I have a PCollection which holds KV and has only one key-value, the key has no meaning and the value holds an Iterable of KVs. The key of this inner KV is a number and the value of this KV is an Iterable of Strings. The PCollection is defined like this:
我有一个PCollection,它持有KV并且只有一个键值,键没有任何意义,值保持一个可转换的KV。这个内部KV的关键是一个数字,这个KV的值是一个Iterable of Strings。 PCollection的定义如下:
PCollection<KV<String, Iterable<KV<Long, Iterable<String>>>>>
I want to write to a file on a single machine : sorted by the number, for each number and for each string in that number, a row in the file.
我想写一台机器上的文件:按数字排序,每个数字和该数字中的每个字符串,文件中的一行。
Using this PCollection I can have a ParDo that receives in it's processElement method all the numbers and their strings. Now I can sort by number, iterate the numbers, for each number iterate the strings and output the string and number to the output collection.
使用这个PCollection我可以有一个ParDo,它在其processElement方法中接收所有数字及其字符串。现在我可以按数字排序,迭代数字,每个数字迭代字符串并输出字符串和数字到输出集合。
However, when I write this collection to a file like this:
但是,当我将此集合写入这样的文件时:
outputCollection.apply(TextIO.Write.withoutSharding().to(options.getOutputFilePath()));
The strings are not written sorted by the number, it seems the write is done in parallel even though it is done locally on a single machine. Even though I inserted the "number : string" into the output collection sorted according to the number, in the file I see the numbers mixed up.
字符串不是按编号排序的,似乎写入是并行完成的,即使它是在一台机器上本地完成的。即使我将“number:string”插入到根据数字排序的输出集合中,在文件中我看到数字混合了。
How can I control the order in which the TextIO.Write writes the records? Can I tell it to run in a single thread and use the order the elements were inserted to the PCollection?
如何控制TextIO.Write写入记录的顺序?我可以告诉它在单个线程中运行并使用元素插入PCollection的顺序吗?
thanks
谢谢
1 个解决方案
#1
1
The elements in a PCollection are unordered. This is closely related to the fact that all elements in a PCollection may be processed on different machines, and ordering between machines would be difficult.
PCollection中的元素是无序的。这与PCollection中的所有元素可以在不同的机器上处理,并且机器之间的排序将是困难的事实密切相关。

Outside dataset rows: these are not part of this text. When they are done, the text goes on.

(* Let $\mathcal{G}$ be an undirected weighted graph (nonzero real weights, possibly negative) with $c$ connected components, let $\mathcal{F}$ be a spanning forest with cycle subgraph $\mathcal{C}$, and suppose $L(\mathcal{G})$ has $n_+$ positive, $n_-$ negative and $n_0$ zero eigenvalues (counted with multiplicity). Then the essential edge Laplacian $L_{ess}(\mathcal{F})=L_e(\mathcal{F})R_{(\mathcal{F},\mathcal{C})}WR_{(\mathcal{F},\mathcal{C})}^T$ has only real eigenvalues, of which $n_+$ are positive, $n_-$ are negative and $n_0-c$ are zero (counted with multiplicity).
   Context: A weighted graph $\mathcal{G}=(\mathcal{V},\mathcal{E},\mathcal{W})$ has weight function $\mathcal{W}:\mathcal{E}\to\mathbb{R}\setminus\{0\}$; $W$ is the diagonal matrix of edge weights. With an arbitrary orientation of edges, the incidence matrix $E\in\mathbb{R}^{|\mathcal{V}|\times|\mathcal{E}|}$ has in the column of edge $(i,j)$ entry $+1$ in row $i$, $-1$ in row $j$, $0$ elsewhere; $L(\mathcal{G})=EWE^T$. A spanning forest $\mathcal{F}$ is an acyclic subgraph with $|\mathcal{V}|-c$ edges containing a spanning tree of each component; the cycle subgraph $\mathcal{C}$ consists of the remaining edges. Edges are ordered so $E=[E_{\mathcal{F}}\ E_{\mathcal{C}}]$ and $W$ correspondingly. $L_e(\mathcal{F})=E_{\mathcal{F}}^TE_{\mathcal{F}}$ (invertible), and $R_{(\mathcal{F},\mathcal{C})}=[\,I\ \ L_e(\mathcal{F})^{-1}E_{\mathcal{F}}^TE_{\mathcal{C}}\,]$. *)

theory Defs
  imports Complex_Main "Jordan_Normal_Form.Jordan_Normal_Form" "Jordan_Normal_Form.Gauss_Jordan_Elimination"
begin

text \<open>A graph on vertex set {0..<nv} is given by a list of edges (i,j); the pair order is the
  arbitrary orientation. Edge k has weight w k.\<close>

definition valid_graph :: "nat \<Rightarrow> (nat \<times> nat) list \<Rightarrow> bool" where
  "valid_graph nv es \<longleftrightarrow>
     (\<forall>(i,j)\<in>set es. i < nv \<and> j < nv \<and> i \<noteq> j) \<and>
     (\<forall>k<length es. \<forall>l<length es. k \<noteq> l \<longrightarrow>
         {fst (es!k), snd (es!k)} \<noteq> {fst (es!l), snd (es!l)})"

definition adj :: "(nat \<times> nat) list \<Rightarrow> nat \<Rightarrow> nat \<Rightarrow> bool" where
  "adj es a b \<longleftrightarrow> (\<exists>(x,y)\<in>set es. (a = x \<and> b = y) \<or> (a = y \<and> b = x))"

definition connected_in :: "(nat \<times> nat) list \<Rightarrow> nat \<Rightarrow> nat \<Rightarrow> bool" where
  "connected_in es = (adj es)\<^sup>*\<^sup>*"

definition num_components :: "nat \<Rightarrow> (nat \<times> nat) list \<Rightarrow> nat" where
  "num_components nv es = card ((\<lambda>v. {u \<in> {0..<nv}. connected_in es u v}) ` {0..<nv})"

definition acyclic_edges :: "(nat \<times> nat) list \<Rightarrow> bool" where
  "acyclic_edges fs \<longleftrightarrow> (\<forall>i<length fs.
      \<not> connected_in (take i fs @ drop (Suc i) fs) (fst (fs!i)) (snd (fs!i)))"

definition spanning_forest_prefix :: "nat \<Rightarrow> (nat \<times> nat) list \<Rightarrow> nat \<Rightarrow> bool" where
  "spanning_forest_prefix nv es k \<longleftrightarrow>
     k \<le> length es \<and> k = nv - num_components nv es \<and>
     acyclic_edges (take k es) \<and>
     (\<forall>u<nv. \<forall>v<nv. connected_in (take k es) u v \<longleftrightarrow> connected_in es u v)"

definition incidence :: "nat \<Rightarrow> (nat \<times> nat) list \<Rightarrow> real mat" where
  "incidence nv es = mat nv (length es)
     (\<lambda>(v,k). if v = fst (es!k) then 1 else if v = snd (es!k) then -1 else 0)"

definition weight_mat :: "nat \<Rightarrow> (nat \<Rightarrow> real) \<Rightarrow> real mat" where
  "weight_mat m w = mat m m (\<lambda>(i,j). if i = j then w i else 0)"

definition laplacian :: "nat \<Rightarrow> (nat \<times> nat) list \<Rightarrow> (nat \<Rightarrow> real) \<Rightarrow> real mat" where
  "laplacian nv es w = incidence nv es * weight_mat (length es) w * transpose_mat (incidence nv es)"

definition edge_laplacian :: "nat \<Rightarrow> (nat \<times> nat) list \<Rightarrow> real mat" where
  "edge_laplacian nv fs = transpose_mat (incidence nv fs) * incidence nv fs"

text \<open>R = [ I  L_e(F)^{-1} E_F^T E_C ], where F = first k edges, C = remaining edges.\<close>
definition R_mat :: "nat \<Rightarrow> (nat \<times> nat) list \<Rightarrow> nat \<Rightarrow> real mat" where
  "R_mat nv es k =
     (let X = the (mat_inverse (edge_laplacian nv (take k es))) *
              transpose_mat (incidence nv (take k es)) * incidence nv (drop k es)
      in mat k (length es) (\<lambda>(i,j). if j < k then (if i = j then 1 else 0) else X $$ (i, j - k)))"

definition essential_edge_laplacian :: "nat \<Rightarrow> (nat \<times> nat) list \<Rightarrow> (nat \<Rightarrow> real) \<Rightarrow> nat \<Rightarrow> real mat" where
  "essential_edge_laplacian nv es w k =
     edge_laplacian nv (take k es) * R_mat nv es k * weight_mat (length es) w
       * transpose_mat (R_mat nv es k)"

definition cpoly :: "real mat \<Rightarrow> complex poly" where
  "cpoly A = char_poly (map_mat complex_of_real A)"

definition only_real_eigenvalues :: "real mat \<Rightarrow> bool" where
  "only_real_eigenvalues A \<longleftrightarrow> (\<forall>z. poly (cpoly A) z = 0 \<longrightarrow> Im z = 0)"

definition n_pos :: "real mat \<Rightarrow> nat" where
  "n_pos A = (\<Sum>z\<in>{z. poly (cpoly A) z = 0 \<and> Im z = 0 \<and> Re z > 0}. order z (cpoly A))"

definition n_neg :: "real mat \<Rightarrow> nat" where
  "n_neg A = (\<Sum>z\<in>{z. poly (cpoly A) z = 0 \<and> Im z = 0 \<and> Re z < 0}. order z (cpoly A))"

definition n_zero :: "real mat \<Rightarrow> nat" where
  "n_zero A = (if poly (cpoly A) 0 = 0 then order 0 (cpoly A) else 0)"

end

theory Submission
  imports Defs
begin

If you know that all of the data for a specific key fits on one machine, you could output a single element containing all the values, and then create a custom sink that writes that to a file.
如果您知道特定键的所有数据都适合一台计算机,则可以输出包含所有值的单个元素,然后创建一个将其写入文件的自定义接收器。
#1
1
The elements in a PCollection are unordered. This is closely related to the fact that all elements in a PCollection may be processed on different machines, and ordering between machines would be difficult.

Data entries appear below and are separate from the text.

(* For every finite connected graph $G=(V,E)$ with root $O$ and every $\mathbf p=(p_e)_{e\in E}\in(0,1]^E$, the stochastic search game $\langle G,O,\mathbf p\rangle$ has a value $\mathrm{val}(\mathbf p)$, and both players have optimal strategies.
   Context: Stochastic search game $\langle G,O,\mathbf p\rangle$: let $G=(V,E)$ be a finite connected undirected graph with unit-length edges and root $O\in V$, and let $\mathbf p=(p_e)_{e\in E}\in(0,1]^E$. At each stage $t\ge1$ a random set $E_t\subseteq E$ of active edges is drawn: each edge $e$ is active with probability $p_e$, independently across edges and stages. The game is zero-sum between a hider (the maximizer) and a searcher (the minimizer). - At stage $0$ the hider chooses an edge $e\in E$ and stays there forever. His mixed strategies are distributions on $E$. - The searcher starts at $v_0=O$. At each stage $t\ge1$ she has observed $E_1,\dots,E_t$ and her past positions. She then either stays at $v_{t-1}$ or traverses an active edge (an edge of $E_t$) incident to $v_{t-1}$, arriving at $v_t$. Randomized (behavior) strategies are allowed. - The payoff to the hider, against a searcher strategy $\sigma$, is $g(e,\sigma)=\mathbb E_\sigma[\inf\{t\ge1:\text{the searcher traverses } e \text{ at stage } t\}]$, with $\inf\emptyset=+\infty$. It is extended linearly to mixed strategies of the hider. *)

theory Defs
  imports "HOL-Probability.Probability"
begin

definition graph_ok :: "'v set \<Rightarrow> 'v set set \<Rightarrow> 'v \<Rightarrow> bool" where
  "graph_ok V E r \<longleftrightarrow> finite V \<and> r \<in> V \<and>
     E \<subseteq> {{u, w} | u w. u \<in> V \<and> w \<in> V \<and> u \<noteq> w} \<and>
     (\<forall>v\<in>V. (r, v) \<in> {(u, w). {u, w} \<in> E}\<^sup>*)"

PCollection中的元素是无序的。这与PCollection中的所有元素可以在不同的机器上处理,并且机器之间的排序将是困难的事实密切相关。
If you know that all of the data for a specific key fits on one machine, you could output a single element containing all the values, and then create a custom sink that writes that to a file.
如果您知道特定键的所有数据都适合一台计算机,则可以输出包含所有值的单个元素,然后创建一个将其写入文件的自定义接收器。